──────── Task material ────────
(* There exist infinitely many finite groups $G$ whose prime graph $\Gamma_e(G)$ is a path with two edges (on three vertices) while the codegree graph $\Gamma(G)$ is a triangle.
   Context: For $\chi\in{\rm Irr}(G)$, ${\rm cod}(\chi)=|G:\ker\chi|/\chi(1)$. The codegree graph $\Gamma(G)$ has vertices the prime divisors of $|G|$, distinct $p,q$ adjacent iff $pq$ divides ${\rm cod}(\chi)$ for some $\chi\in{\rm Irr}(G)$. The prime graph $\Gamma_e(G)$ has the same vertices, distinct $p,q$ adjacent iff $G$ has an element of order divisible by $pq$. *)

theory Defs
  imports "HOL-Algebra.Multiplicative_Group" "Jordan_Normal_Form.Matrix" "HOL-Computational_Algebra.Primes"
begin

definition is_rep :: "('g, 'b) monoid_scheme \<Rightarrow> nat \<Rightarrow> ('g \<Rightarrow> complex mat) \<Rightarrow> bool" where
  "is_rep G n \<rho> \<longleftrightarrow>
     (\<forall>g\<in>carrier G. \<rho> g \<in> carrier_mat n n) \<and>
     (\<forall>g\<in>carrier G. \<forall>h\<in>carrier G. \<rho> (g \<otimes>\<^bsub>G\<^esub> h) = \<rho> g * \<rho> h) \<and>
     \<rho> \<one>\<^bsub>G\<^esub> = 1\<^sub>m n"

definition inv_subspace :: "('g, 'b) monoid_scheme \<Rightarrow> nat \<Rightarrow> ('g \<Rightarrow> complex mat) \<Rightarrow> complex vec set \<Rightarrow> bool" where
  "inv_subspace G n \<rho> W \<longleftrightarrow>
     W \<subseteq> carrier_vec n \<and> 0\<^sub>v n \<in> W \<and>
     (\<forall>v\<in>W. \<forall>w\<in>W. v + w \<in> W) \<and>
     (\<forall>c::complex. \<forall>v\<in>W. c \<cdot>\<^sub>v v \<in> W) \<and>
     (\<forall>g\<in>carrier G. \<forall>v\<in>W. \<rho> g *\<^sub>v v \<in> W)"

(* irreducible complex representation of degree n (affording an irreducible character of degree n) *)
definition irr_rep :: "('g, 'b) monoid_scheme \<Rightarrow> nat \<Rightarrow> ('g \<Rightarrow> complex mat) \<Rightarrow> bool" where
  "irr_rep G n \<rho> \<longleftrightarrow> n > 0 \<and> is_rep G n \<rho> \<and>
     (\<forall>W. inv_subspace G n \<rho> W \<longrightarrow> W = {0\<^sub>v n} \<or> W = carrier_vec n)"

(* kernel of the representation = kernel of its character *)
definition rep_ker :: "('g, 'b) monoid_scheme \<Rightarrow> nat \<Rightarrow> ('g \<Rightarrow> complex mat) \<Rightarrow> 'g set" where
  "rep_ker G n \<rho> = {g\<in>carrier G. \<rho> g = 1\<^sub>m n}"

(* codegree |G : ker chi| / chi(1); this is always an integer for chi irreducible *)
definition rep_cod :: "('g, 'b) monoid_scheme \<Rightarrow> nat \<Rightarrow> ('g \<Rightarrow> complex mat) \<Rightarrow> nat" where
  "rep_cod G n \<rho> = card (carrier G) div (card (rep_ker G n \<rho>) * n)"

definition group_primes :: "('g, 'b) monoid_scheme \<Rightarrow> nat set" where
  "group_primes G = {p. prime p \<and> p dvd card (carrier G)}"

definition cod_adj :: "('g, 'b) monoid_scheme \<Rightarrow> nat \<Rightarrow> nat \<Rightarrow> bool" where
  "cod_adj G p q \<longleftrightarrow> p \<noteq> q \<and> p \<in> group_primes G \<and> q \<in> group_primes G \<and>
     (\<exists>n \<rho>. irr_rep G n \<rho> \<and> p * q dvd rep_cod G n \<rho>)"

definition prime_adj :: "('g, 'b) monoid_scheme \<Rightarrow> nat \<Rightarrow> nat \<Rightarrow> bool" where
  "prime_adj G p q \<longleftrightarrow> p \<noteq> q \<and> p \<in> group_primes G \<and> q \<in> group_primes G \<and>
     (\<exists>g\<in>carrier G. p * q dvd group.ord G g)"

definition edges :: "nat set \<Rightarrow> (nat \<Rightarrow> nat \<Rightarrow> bool) \<Rightarrow> nat set set" where
  "edges V E = {{p, q} | p q. p \<in> V \<and> q \<in> V \<and> E p q}"

definition is_path3 :: "nat set \<Rightarrow> (nat \<Rightarrow> nat \<Rightarrow> bool) \<Rightarrow> bool" where
  "is_path3 V E \<longleftrightarrow> card V = 3 \<and> card (edges V E) = 2"

definition is_triangle :: "nat set \<Rightarrow> (nat \<Rightarrow> nat \<Rightarrow> bool) \<Rightarrow> bool" where
  "is_triangle V E \<longleftrightarrow> card V = 3 \<and> (\<forall>p\<in>V. \<forall>q\<in>V. p \<noteq> q \<longrightarrow> E p q)"

end

theory Submission
  imports
    Defs
    "HOL-Algebra.Sym_Groups"
    "HOL-Algebra.Elementary_Groups"
    "HOL-Combinatorics.Cycles"
    "HOL-Library.Countable_Set"
begin

(* The groups are S5 x C_(2^k) for k >= 1, with prime divisors 2, 3 and 5.
   A 3-cycle or a 5-cycle paired with a generator of C_(2^k) has order 3 * 2^k or 5 * 2^k,
   giving the edges 2-3 and 2-5 of the prime graph. No permutation of five points has order
   divisible by 15 (its cycle lengths would add up to at least 8), and C_(2^k) is a 2-group,
   so 3 and 5 are not adjacent. The standard representation of S5 on the sum-zero hyperplane
   of C^5 is irreducible and faithful; inflated to S5 x C_(2^k) its kernel is C_(2^k), so its
   codegree is 120/4 = 30 and the codegree graph is a triangle. Both graphs are invariant
   under isomorphism, so the groups may be transported to a carrier of natural numbers. *)

section \<open>Isomorphism invariance of the two graphs\<close>

lemma (in group) iso_ord:
  assumes H: "group H" and \<phi>: "\<phi> \<in> iso G H" and x: "x \<in> carrier G"
  shows "group.ord H (\<phi> x) = ord x"
proof -
  have inj: "inj_on \<phi> (carrier G)" using \<phi> by (simp add: iso_iff)
  have "\<phi> x [^]\<^bsub>H\<^esub> n = \<one>\<^bsub>H\<^esub> \<longleftrightarrow> x [^] n = \<one>" for n :: nat
  proof -
    have "\<phi> x [^]\<^bsub>H\<^esub> n = \<phi> (x [^] n)" "\<one>\<^bsub>H\<^esub> = \<phi> \<one>"
      using hom_nat_pow[OF iso_imp_homomorphism[OF \<phi>] x is_group H]
        hom_one[OF iso_imp_homomorphism[OF \<phi>] is_group H] by simp_all
    then show ?thesis using inj x by (simp add: inj_on_eq_iff)
  qed
  then show ?thesis
    using x iso_imp_homomorphism[OF \<phi>]
    by (simp add: group.ord_unique[OF H] pow_eq_id hom_in_carrier)
qed

lemma iso_group_primes: "G \<cong> H \<Longrightarrow> group_primes G = group_primes H"
  by (simp add: group_primes_def iso_same_card)

lemma iso_prime_adj:
  assumes G: "group G" and H: "group H" and iso: "G \<cong> H"
  shows "prime_adj G = prime_adj H"
proof -
  obtain \<phi> where \<phi>: "\<phi> \<in> iso G H" using iso by (auto simp: is_iso_def)
  have onto: "carrier H = \<phi> ` carrier G" using \<phi> by (simp add: iso_iff)
  have "(\<exists>g\<in>carrier G. d dvd group.ord G g) \<longleftrightarrow> (\<exists>h\<in>carrier H. d dvd group.ord H h)" for d
    unfolding onto by (simp add: group.iso_ord[OF G H \<phi>])
  then show ?thesis
    by (simp add: fun_eq_iff prime_adj_def iso_group_primes[OF iso])
qed

lemma is_rep_comp_hom:
  assumes "group G" "group H" "\<phi> \<in> hom G H" "is_rep H n \<rho>"
  shows "is_rep G n (\<rho> \<circ> \<phi>)"
proof -
  interpret group_hom G H \<phi>
    using assms by (simp add: group_hom_def group_hom_axioms_def)
  show ?thesis using assms(4) by (simp add: is_rep_def)
qed

lemma inv_subspace_comp_epi:
  assumes "\<phi> \<in> epi G H"
  shows "inv_subspace G n (\<rho> \<circ> \<phi>) W \<longleftrightarrow> inv_subspace H n \<rho> W"
proof -
  have "carrier H = \<phi> ` carrier G" using assms by (simp add: epi_def)
  then show ?thesis by (simp add: inv_subspace_def)
qed

lemma irr_rep_comp_epi:
  assumes "group G" "group H" "\<phi> \<in> epi G H" "irr_rep H n \<rho>"
  shows "irr_rep G n (\<rho> \<circ> \<phi>)"
proof -
  have "is_rep G n (\<rho> \<circ> \<phi>)"
    using assms by (intro is_rep_comp_hom) (auto simp: irr_rep_def epi_def)
  then show ?thesis
    using assms(4) by (simp add: irr_rep_def inv_subspace_comp_epi[OF assms(3)])
qed

lemma rep_ker_comp_hom:
  "\<phi> \<in> hom G H \<Longrightarrow> rep_ker G n (\<rho> \<circ> \<phi>) = {g \<in> carrier G. \<phi> g \<in> rep_ker H n \<rho>}"
  unfolding rep_ker_def by (auto dest: hom_in_carrier)

lemma rep_cod_comp_iso:
  assumes \<phi>: "\<phi> \<in> iso G H"
  shows "rep_cod G n (\<rho> \<circ> \<phi>) = rep_cod H n \<rho>"
proof -
  have bij: "bij_betw \<phi> (carrier G) (carrier H)" using \<phi> by (simp add: iso_def)
  have "\<phi> ` {g \<in> carrier G. \<phi> g \<in> rep_ker H n \<rho>} = rep_ker H n \<rho>"
    using bij by (force simp: bij_betw_def rep_ker_def)
  then have "bij_betw \<phi> {g \<in> carrier G. \<phi> g \<in> rep_ker H n \<rho>} (rep_ker H n \<rho>)"
    by (rule bij_betw_subset[OF bij, rotated]) auto
  then have "card (rep_ker G n (\<rho> \<circ> \<phi>)) = card (rep_ker H n \<rho>)"
    by (simp add: rep_ker_comp_hom[OF iso_imp_homomorphism[OF \<phi>]] bij_betw_same_card)
  moreover have "card (carrier G) = card (carrier H)" using bij by (rule bij_betw_same_card)
  ultimately show ?thesis by (simp add: rep_cod_def)
qed

lemma cod_adj_comp_iso:
  assumes G: "group G" and H: "group H" and \<phi>: "\<phi> \<in> iso G H" and adj: "cod_adj H p q"
  shows "cod_adj G p q"
proof -
  obtain n \<rho> where \<rho>: "irr_rep H n \<rho>" "p * q dvd rep_cod H n \<rho>"
    using adj by (auto simp: cod_adj_def)
  have "irr_rep G n (\<rho> \<circ> \<phi>)"
    using \<phi> by (intro irr_rep_comp_epi[OF G H _ \<rho>(1)]) (simp add: iso_iff_mon_epi)
  moreover have "p * q dvd rep_cod G n (\<rho> \<circ> \<phi>)"
    using \<rho>(2) by (simp add: rep_cod_comp_iso[OF \<phi>])
  ultimately show ?thesis
    using adj by (auto simp: cod_adj_def iso_group_primes[OF is_isoI[OF \<phi>]])
qed

lemma iso_cod_adj:
  assumes G: "group G" and H: "group H" and iso: "G \<cong> H"
  shows "cod_adj G = cod_adj H"
proof -
  obtain \<phi> where \<phi>: "\<phi> \<in> iso G H" using iso by (auto simp: is_iso_def)
  have \<psi>: "inv_into (carrier G) \<phi> \<in> iso H G" using group.iso_set_sym[OF G \<phi>] .
  show ?thesis
    using cod_adj_comp_iso[OF G H \<phi>] cod_adj_comp_iso[OF H G \<psi>] by blast
qed

definition image_monoid :: "('a \<Rightarrow> 'c) \<Rightarrow> ('a, 'b) monoid_scheme \<Rightarrow> 'c monoid" where
  "image_monoid f H =
     \<lparr>carrier = f ` carrier H,
      monoid.mult = (\<lambda>x y. f (inv_into (carrier H) f x \<otimes>\<^bsub>H\<^esub> inv_into (carrier H) f y)),
      one = f \<one>\<^bsub>H\<^esub>\<rparr>"

lemma image_monoid_iso:
  assumes H: "group H" and inj: "inj_on f (carrier H)"
  shows "group (image_monoid f H)" and "f \<in> iso H (image_monoid f H)"
proof -
  interpret group H by (rule H)
  let ?G = "image_monoid f H"
  have carrier: "carrier ?G = f ` carrier H" and one: "\<one>\<^bsub>?G\<^esub> = f \<one>\<^bsub>H\<^esub>"
    by (simp_all add: image_monoid_def)
  have mult: "f x \<otimes>\<^bsub>?G\<^esub> f y = f (x \<otimes>\<^bsub>H\<^esub> y)" if "x \<in> carrier H" "y \<in> carrier H" for x y
    using that inj by (simp add: image_monoid_def)
  show "group ?G"
  proof (rule groupI)
    fix x assume "x \<in> carrier ?G"
    then obtain a where a: "a \<in> carrier H" "x = f a" by (auto simp: carrier)
    show "\<exists>y\<in>carrier ?G. y \<otimes>\<^bsub>?G\<^esub> x = \<one>\<^bsub>?G\<^esub>"
      using a by (intro bexI[of _ "f (inv\<^bsub>H\<^esub> a)"]) (simp_all add: carrier mult one)
  qed (auto simp: carrier mult one m_assoc)
  show "f \<in> iso H ?G"
    using inj by (auto simp: iso_def hom_def bij_betw_def carrier mult)
qed

lemma countable_group_iso_nat_monoid:
  assumes H: "group H" and "countable (carrier H)"
  obtains G :: "nat monoid" where "group G" "G \<cong> H"
proof -
  obtain f :: "_ \<Rightarrow> nat" where f: "inj_on f (carrier H)"
    using assms(2) by (auto simp: countable_def)
  have "H \<cong> image_monoid f H" using image_monoid_iso(2)[OF H f] by (rule is_isoI)
  then show ?thesis using that image_monoid_iso(1)[OF H f] group.iso_sym[OF H] by blast
qed

section \<open>Element orders\<close>

lemma pow_DirProd: "(x, y) [^]\<^bsub>G \<times>\<times> H\<^esub> (n::nat) = (x [^]\<^bsub>G\<^esub> n, y [^]\<^bsub>H\<^esub> n)"
  by (induction n) auto

lemma ord_DirProd:
  assumes G: "group G" and H: "group H" and "x \<in> carrier G" "y \<in> carrier H"
  shows "group.ord (G \<times>\<times> H) (x, y) = lcm (group.ord G x) (group.ord H y)"
proof -
  have "(x, y) [^]\<^bsub>G \<times>\<times> H\<^esub> n = \<one>\<^bsub>G \<times>\<times> H\<^esub> \<longleftrightarrow> lcm (group.ord G x) (group.ord H y) dvd n"
    for n :: nat
    using assms by (simp add: pow_DirProd group.pow_eq_id)
  then show ?thesis
    using assms by (simp add: group.ord_unique[OF DirProd_group[OF G H]])
qed

lemma fst_epi_DirProd:
  assumes "group H"
  shows "fst \<in> epi (G \<times>\<times> H) G"
proof -
  have "fst \<in> hom (G \<times>\<times> H) G"
    using hom_of_fst[OF assms, of "\<lambda>x. x" G G] iso_imp_homomorphism[OF iso_set_refl]
    by (simp add: comp_def)
  moreover have "carrier H \<noteq> {}" using assms by (auto simp: group_def monoid.carrier_not_empty)
  ultimately show ?thesis by (simp add: epi_def)
qed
────────
**Work to be completed**
Each line from the top of the material above through the line containing "(* kernel of" must be output exactly, and no other line.

**Final answer**
(* There exist infinitely many finite groups $G$ whose prime graph $\Gamma_e(G)$ is a path with two edges (on three vertices) while the codegree graph $\Gamma(G)$ is a triangle.
   Context: For $\chi\in{\rm Irr}(G)$, ${\rm cod}(\chi)=|G:\ker\chi|/\chi(1)$. The codegree graph $\Gamma(G)$ has vertices the prime divisors of $|G|$, distinct $p,q$ adjacent iff $pq$ divides ${\rm cod}(\chi)$ for some $\chi\in{\rm Irr}(G)$. The prime graph $\Gamma_e(G)$ has the same vertices, distinct $p,q$ adjacent iff $G$ has an element of order divisible by $pq$. *)

theory Defs
  imports "HOL-Algebra.Multiplicative_Group" "Jordan_Normal_Form.Matrix" "HOL-Computational_Algebra.Primes"
begin

definition is_rep :: "('g, 'b) monoid_scheme \<Rightarrow> nat \<Rightarrow> ('g \<Rightarrow> complex mat) \<Rightarrow> bool" where
  "is_rep G n \<rho> \<longleftrightarrow>
     (\<forall>g\<in>carrier G. \<rho> g \<in> carrier_mat n n) \<and>
     (\<forall>g\<in>carrier G. \<forall>h\<in>carrier G. \<rho> (g \<otimes>\<^bsub>G\<^esub> h) = \<rho> g * \<rho> h) \<and>
     \<rho> \<one>\<^bsub>G\<^esub> = 1\<^sub>m n"

definition inv_subspace :: "('g, 'b) monoid_scheme \<Rightarrow> nat \<Rightarrow> ('g \<Rightarrow> complex mat) \<Rightarrow> complex vec set \<Rightarrow> bool" where
  "inv_subspace G n \<rho> W \<longleftrightarrow>
     W \<subseteq> carrier_vec n \<and> 0\<^sub>v n \<in> W \<and>
     (\<forall>v\<in>W. \<forall>w\<in>W. v + w \<in> W) \<and>
     (\<forall>c::complex. \<forall>v\<in>W. c \<cdot>\<^sub>v v \<in> W) \<and>
     (\<forall>g\<in>carrier G. \<forall>v\<in>W. \<rho> g *\<^sub>v v \<in> W)"

(* irreducible complex representation of degree n (affording an irreducible character of degree n) *)
definition irr_rep :: "('g, 'b) monoid_scheme \<Rightarrow> nat \<Rightarrow> ('g \<Rightarrow> complex mat) \<Rightarrow> bool" where
  "irr_rep G n \<rho> \<longleftrightarrow> n > 0 \<and> is_rep G n \<rho> \<and>
     (\<forall>W. inv_subspace G n \<rho> W \<longrightarrow> W = {0\<^sub>v n} \<or> W = carrier_vec n)"

(* kernel of the representation = kernel of its character *)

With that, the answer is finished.